# Data to examine

(* There exists an absolute constant $C>0$ such that the following holds. Let $p\geq2$, let $\ell\geq1$ be an integer and let $\theta\in(0,1)$. Let $f:G\to\mathbb{C}$, $L\geq1$, and let $S,T$ be nonempty subsets of $G=\mathbb{Z}/N\mathbb{Z}$ with $|S+T|\leq L|S|$. Then there exists a set $X\subset T$ with $|X|\geq(2L)^{-Cp\ell^2/\theta^2}|T|$ such that $$\|f*\mu_S-f*\mu_S*\lambda_X^{(\ell)}\|_{L^p}\leq\theta\|f\|_{L^p},$$ where $\lambda_X=\mu_X*\mu_{-X}$ and $\lambda_X^{(\ell)}$ denotes the $\ell$-fold convolution $\lambda_X*\dots*\lambda_X$.
   Context: $\|f\|_{L^p}=(\frac1N\sum_{x\in G}|f(x)|^p)^{1/p}$. $\mu_X=(|X|/N)^{-1}1_X$. Convolution: $f*g(x)=\frac1N\sum_yf(y)g(x-y)$. *)

theory Defs
  imports "HOL-Analysis.Analysis"
begin

text \<open>The group G = Z/NZ is represented by the residues {0..<N} (as integers), with
  addition modulo N. Functions on G are functions int => complex of which only the
  values on {0..<N} are used.\<close>

definition ZN :: "nat \<Rightarrow> int set" where
  "ZN N = {0..<int N}"

definition Lp_norm :: "nat \<Rightarrow> real \<Rightarrow> (int \<Rightarrow> complex) \<Rightarrow> real" where
  "Lp_norm N p f = ((1 / real N) * (\<Sum>x\<in>ZN N. cmod (f x) powr p)) powr (1 / p)"

definition conv :: "nat \<Rightarrow> (int \<Rightarrow> complex) \<Rightarrow> (int \<Rightarrow> complex) \<Rightarrow> int \<Rightarrow> complex" where
  "conv N f g x = (1 / of_nat N) * (\<Sum>y\<in>ZN N. f y * g ((x - y) mod int N))"

definition mu :: "nat \<Rightarrow> int set \<Rightarrow> int \<Rightarrow> complex" where
  "mu N X x = (if x \<in> X then of_real (real N / real (card X)) else 0)"
(* Let $\mathcal{G}(t)$ be a matrix-weighted switching network satisfying Assumption 1 (described in the context), and consider $\dot{\boldsymbol{x}}(t)=-L(t)\boldsymbol{x}(t)$, $\boldsymbol{x}(t)\in\mathbb{R}^{dn}$. Let $\Psi=[\boldsymbol{\varphi}_1,\dots,\boldsymbol{\varphi}_m]\in\mathbb{R}^{d\times m}$ have mutually orthogonal unit columns, and let $C=\mathrm{diag}(\sigma_1,\dots,\sigma_n)\in\mathbb{R}^{dn\times dn}$ with each $\sigma_i\in\{I_d,-I_d\}$. Suppose there exist a subsequence $\{t_{k_l}\}_{l\in\mathbb{N}}$ of $\{t_k\}$ with $t_{k_0}=t_0$ and $\Delta t_{k_l}=t_{k_{l+1}}-t_{k_l}<\infty$, and a scalar $q\in(0,1)$, such that for all $l\in\mathbb{N}$, $\mathrm{null}(\widetilde{L}_{[t_{k_l},t_{k_{l+1}})})$ equals the column space of $C(\boldsymbol{1}_n\otimes\Psi)$ and $\mu_{m+1}\big(\Phi(t_{k_{l+1}},t_{k_l})^\top\Phi(t_{k_{l+1}},t_{k_l})\big)\le q$. Then the system admits bipartite consensus, and the bipartite consensus value is $$\boldsymbol{x}^*=C\Big(\boldsymbol{1}_n\otimes\Big(\tfrac{1}{n}\Psi(\boldsymbol{1}_n^\top\otimes\Psi^\top)C\boldsymbol{x}(t_0)\Big)\Big).$$
   Context: A matrix-weighted switching network $\mathcal{G}(t)=(\mathcal{V},\mathcal{E}(t),A(t))$ has node set $\mathcal{V}=\{1,\dots,n\}$, $n>1$; each edge $(i,j)\in\mathcal{E}(t)$ carries a symmetric weight $A_{ij}(t)\in\mathbb{R}^{d\times d}$ which is either positive (semi-)definite or negative (semi-)definite, with $A_{ij}=A_{ji}$, $A_{ii}=0$, $A_{ij}(t)=0$ if $(i,j)\notin\mathcal{E}(t)$; standing assumption: for each pair $(i,j)$ the weight $A_{ij}(t)$ has the same sign type for all $t$. Set $|A_{ij}|=A_{ij}$ if $A_{ij}\succeq0$ and $-A_{ij}$ if $A_{ij}\preceq0$; $\mathrm{sgn}(A)$ is $1$, $-1$, $0$ for nonzero PSD, nonzero NSD, zero $A$. With $A=[A_{ij}]\in\mathbb{R}^{dn\times dn}$ and $D=\mathrm{diag}(D_1,\dots,D_n)$, $D_i=\sum_{j:(i,j)\in\mathcal{E}}|A_{ij}|$, the matrix-valued Laplacian is $L=D-A$; $\dot{\boldsymbol{x}}=-L(t)\boldsymbol{x}$ is the stacked form of $\dot{\boldsymbol{x}}_i=-\sum_j|A_{ij}|(\boldsymbol{x}_i-\mathrm{sgn}(A_{ij})\boldsymbol{x}_j)$. The initial time is $t_0=0$. Assumption 1: there is a sequence $\{t_k\}_{k\in\mathbb{N}}$ with $t_0=0$, $t_k\to\infty$, $t_{k+1}-t_k\ge\alpha>0$, and $\mathcal{G}(t)$ is constant on each $[t_k,t_{k+1})$, with Laplacian $L^k$ there and $\Delta t_k=t_{k+1}-t_k$. For $k'<k''$: $\widetilde{L}_{[t_{k'},t_{k''})}=\frac{1}{t_{k''}-t_{k'}}\int_{t_{k'}}^{t_{k''}}L(t)dt$, and $\Phi(t_{k''},t_{k'})=e^{-L^{k''-1}\Delta t_{k''-1}}\cdots e^{-L^{k'}\Delta t_{k'}}$; $\mu_{m+1}(P)$ denotes the $(m+1)$-th largest eigenvalue of the symmetric matrix $P$. Bipartite consensus: cluster consensus with exactly two clusters, i.e. all limits $\lim_{t\to\infty}\boldsymbol{x}_i(t)$ exist and there is a partition of $\mathcal{V}$ into two parts such that agents in the same part have equal limits and agents in different parts have different limits. *)

theory Defs
  imports "HOL-Analysis.Analysis" "HOL-Computational_Algebra.Polynomial"
begin
(* Suppose (i) the initial sketch $P$ provided by the user satisfies $P\xRightarrow{*}\bar{P}^*$, and (ii) the user responses are $\mathcal{O}(Q)=\mathbb{I}[Q\xRightarrow{*}\bar{P}^*]$. Then, if the interactive synthesis algorithm terminates, it returns $\bar{P}^*$.
   Context: Setting: a DSL of database queries given by a context-free grammar with select, project and inner-join operations; holes are either tables in a sequence of inner-joins (nonterminal $I$) or columns (nonterminal $C$). A sketch is a sequence derivable from the start symbol; $\alpha\xRightarrow{*}\alpha'$ means $\alpha'$ is derivable from $\alpha$ (i.e., $\alpha'$ is a refinement of $\alpha$); a completion is a refinement with no holes. $\bar{P}^*$ denotes the true (user-intended) complete program. The interactive synthesis algorithm keeps a current sketch $P$ (initialized to the user's sketch) and a set $\mathcal{N}$ of rejected questions; while $P$ has holes, it forms candidate questions (refinements of $P$ obtained by filling one hole, and all holes sharing its name, with either a column $c_i$, a table $t_i$, or $t_i\Join_{C,C}I$), removes those in $\mathcal{N}$, picks one question $\hat Q$ (via sampled completions), asks the user oracle $\mathcal{O}(\hat Q)\in\{\mathsf{true},\mathsf{false}\}$, and sets $P\gets\hat Q$ if true, else adds $\hat Q$ to $\mathcal{N}$. It returns $P$ once $P$ is complete. $\mathbb{I}$ is the indicator function. *)

theory Defs
  imports Main
begin

datatype ('t, 'n) gsym = Tm 't | NT 'n

(* Sketch symbols: terminals, or holes = nonterminal occurrences carrying a hole name. *)
datatype ('t, 'n, 'h) ssym = STm 't | Hole 'n 'h

type_synonym ('t, 'n, 'h) sketch = "('t, 'n, 'h) ssym list"

(* a grammar symbol on a production's right-hand side is instantiated by a sketch symbol;
   fresh nonterminals may receive any hole name *)
fun inst_sym :: "('t, 'n) gsym \<Rightarrow> ('t, 'n, 'h) ssym \<Rightarrow> bool" where
  "inst_sym (Tm a) s = (s = STm a)"
| "inst_sym (NT A) s = (\<exists>h. s = Hole A h)"

inductive derive1 :: "('n \<times> ('t, 'n) gsym list) set \<Rightarrow> ('t, 'n, 'h) sketch \<Rightarrow> ('t, 'n, 'h) sketch \<Rightarrow> bool"
  for G where
  "(A, rhs) \<in> G \<Longrightarrow> list_all2 inst_sym rhs r \<Longrightarrow> derive1 G (xs @ Hole A h # ys) (xs @ r @ ys)"

(* alpha =>* alpha' : alpha' is a refinement of alpha *)
abbreviation derives :: "('n \<times> ('t, 'n) gsym list) set \<Rightarrow> ('t, 'n, 'h) sketch \<Rightarrow> ('t, 'n, 'h) sketch \<Rightarrow> bool"
  where "derives G \<equiv> (derive1 G)\<^sup>*\<^sup>*"

definition complete :: "('t, 'n, 'h) sketch \<Rightarrow> bool" where
  "complete P \<longleftrightarrow> (\<forall>s\<in>set P. \<exists>a. s = STm a)"

definition hole_names :: "('t, 'n, 'h) sketch \<Rightarrow> 'h set" where
  "hole_names P = {h. \<exists>A. Hole A h \<in> set P}"

definition fill :: "('t, 'n, 'h) sketch \<Rightarrow> 'n \<Rightarrow> 'h \<Rightarrow> ('t, 'n, 'h) sketch \<Rightarrow> ('t, 'n, 'h) sketch" where
  "fill P A h r = concat (map (\<lambda>s. if s = Hole A h then r else [s]) P)"

(* right-hand side  t |><|_{C,C} I  *)
definition join_rhs :: "'t \<Rightarrow> 't \<Rightarrow> 'n \<Rightarrow> 'n \<Rightarrow> ('t, 'n) gsym list" where
  "join_rhs jn t I C = [Tm t, Tm jn, NT C, NT C, NT I]"

definition questions :: "'n \<Rightarrow> 'n \<Rightarrow> 't set \<Rightarrow> 't set \<Rightarrow> 't \<Rightarrow> ('t, 'n, 'h) sketch \<Rightarrow> ('t, 'n, 'h) sketch set" where
  "questions I C cols tabs jn P =
     {fill P A h r | A h r. Hole A h \<in> set P \<and>
        ((A = C \<and> (\<exists>c\<in>cols. r = [STm c])) \<or>
         (A = I \<and> ((\<exists>t\<in>tabs. r = [STm t]) \<or>
                    (\<exists>t\<in>tabs. \<exists>h1 h2 h3. distinct [h1, h2, h3] \<and>
                        h1 \<notin> hole_names P \<and> h2 \<notin> hole_names P \<and> h3 \<notin> hole_names P \<and>
                        r = [STm t, STm jn, Hole C h1, Hole C h2, Hole I h3]))))}"

(* one iteration of the interactive loop on state (P, N); the chosen question is arbitrary
   among the candidates not in N (covers any selection strategy, incl. sampling-based) *)
inductive synth_step :: "'n \<Rightarrow> 'n \<Rightarrow> 't set \<Rightarrow> 't set \<Rightarrow> 't \<Rightarrow> (('t, 'n, 'h) sketch \<Rightarrow> bool)
    \<Rightarrow> ('t, 'n, 'h) sketch \<times> ('t, 'n, 'h) sketch set \<Rightarrow> ('t, 'n, 'h) sketch \<times> ('t, 'n, 'h) sketch set \<Rightarrow> bool"
  for I C cols tabs jn Orc where
  accept: "\<not> complete P \<Longrightarrow> Q \<in> questions I C cols tabs jn P - N \<Longrightarrow> Orc Q
     \<Longrightarrow> synth_step I C cols tabs jn Orc (P, N) (Q, N)"
| reject: "\<not> complete P \<Longrightarrow> Q \<in> questions I C cols tabs jn P - N \<Longrightarrow> \<not> Orc Q
     \<Longrightarrow> synth_step I C cols tabs jn Orc (P, N) (P, insert Q N)"

definition synth_returns :: "'n \<Rightarrow> 'n \<Rightarrow> 't set \<Rightarrow> 't set \<Rightarrow> 't \<Rightarrow> (('t, 'n, 'h) sketch \<Rightarrow> bool)
    \<Rightarrow> ('t, 'n, 'h) sketch \<Rightarrow> ('t, 'n, 'h) sketch \<Rightarrow> bool" where
  "synth_returns I C cols tabs jn Orc P0 Pf \<longleftrightarrow>
     (\<exists>Nf. (synth_step I C cols tabs jn Orc)\<^sup>*\<^sup>* (P0, {}) (Pf, Nf) \<and> complete Pf)"

end

theory Submission
  imports Defs
begin

text \<open>The current sketch always refines to the intended program: initially by (i), and
  the sketch is only ever replaced by a question the user accepted, which by (ii) refines to
  it as well. A complete sketch has no holes left to rewrite, so its only refinement is
  itself. Only (i) and the soundness half of (ii) are needed.\<close>

lemma complete_not_derive1:
  assumes "complete P"
  shows "\<not> derive1 G P Q"
proof
  assume "derive1 G P Q"
  then show False
    using assms by cases (auto simp: complete_def)
qed

lemma derives_from_complete:
  assumes "derives G P Q" and "complete P"
  shows "Q = P"
  using assms by (cases rule: converse_rtranclpE) (auto dest: complete_not_derive1)

lemma synth_step_preserves_refinement:
  assumes "synth_step I C cols tabs jn Orc (P, N) (P', N')"
    and "\<And>Q. Orc Q \<Longrightarrow> derives G Q Pstar"
    and "derives G P Pstar"
  shows "derives G P' Pstar"
  using assms by cases auto

lemma synth_run_preserves_refinement:
  assumes "(synth_step I C cols tabs jn Orc)\<^sup>*\<^sup>* (P, N) (P', N')"
    and "\<And>Q. Orc Q \<Longrightarrow> derives G Q Pstar"
    and "derives G P Pstar"
  shows "derives G P' Pstar"
  using assms(1)
proof (induction rule: rtranclp_induct2)
  case refl
  then show ?case using assms(3) .
next
  case (step P1 N1 P2 N2)
  then show ?case
    using synth_step_preserves_refinement[OF step.hyps(2) assms(2)] by blast
qed

theorem theorem1:
  fixes G :: "('n \<times> ('t, 'n) gsym list) set"
    and S I C :: 'n and cols tabs :: "'t set" and jn :: 't
    and P0 Pstar Pf :: "('t, 'n, 'h) sketch"
    and Orc :: "('t, 'n, 'h) sketch \<Rightarrow> bool"
  assumes dsl: "I \<noteq> C"
      "\<forall>c\<in>cols. (C, [Tm c]) \<in> G"
      "\<forall>t\<in>tabs. (I, [Tm t]) \<in> G \<and> (I, join_rhs jn t I C) \<in> G"
    and sketch: "\<exists>h0. derives G [Hole S h0] P0"
      "\<forall>A h. Hole A h \<in> set P0 \<longrightarrow> A = I \<or> A = C"
    and true_prog: "derives G [Hole S h0'] Pstar" "complete Pstar"
    and i: "derives G P0 Pstar"
    and ii: "\<forall>Q. Orc Q = derives G Q Pstar"
    and terminates: "synth_returns I C cols tabs jn Orc P0 Pf"
  shows "Pf = Pstar"
proof -
  obtain Nf where run: "(synth_step I C cols tabs jn Orc)\<^sup>*\<^sup>* (P0, {}) (Pf, Nf)"
    and "complete Pf"
    using terminates unfolding synth_returns_def by blast
  have "derives G Pf Pstar"
    using synth_run_preserves_refinement[OF run] ii i by blast
  then show ?thesis
    using derives_from_complete \<open>complete Pf\<close> by blast
qed

end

# What this task involves
From the material above, set down exactly the lines between the line holding "type_synonym ('t, 'n, 'h)" and the line holding "G \<equiv> (derive1", inclusive. Include nothing else.

# Your solution
type_synonym ('t, 'n, 'h) sketch = "('t, 'n, 'h) ssym list"

(* a grammar symbol on a production's right-hand side is instantiated by a sketch symbol;
   fresh nonterminals may receive any hole name *)
fun inst_sym :: "('t, 'n) gsym \<Rightarrow> ('t, 'n, 'h) ssym \<Rightarrow> bool" where
  "inst_sym (Tm a) s = (s = STm a)"
| "inst_sym (NT A) s = (\<exists>h. s = Hole A h)"

inductive derive1 :: "('n \<times> ('t, 'n) gsym list) set \<Rightarrow> ('t, 'n, 'h) sketch \<Rightarrow> ('t, 'n, 'h) sketch \<Rightarrow> bool"
  for G where
  "(A, rhs) \<in> G \<Longrightarrow> list_all2 inst_sym rhs r \<Longrightarrow> derive1 G (xs @ Hole A h # ys) (xs @ r @ ys)"

(* alpha =>* alpha' : alpha' is a refinement of alpha *)
abbreviation derives :: "('n \<times> ('t, 'n) gsym list) set \<Rightarrow> ('t, 'n, 'h) sketch \<Rightarrow> ('t, 'n, 'h) sketch \<Rightarrow> bool"
  where "derives G \<equiv> (derive1 G)\<^sup>*\<^sup>*"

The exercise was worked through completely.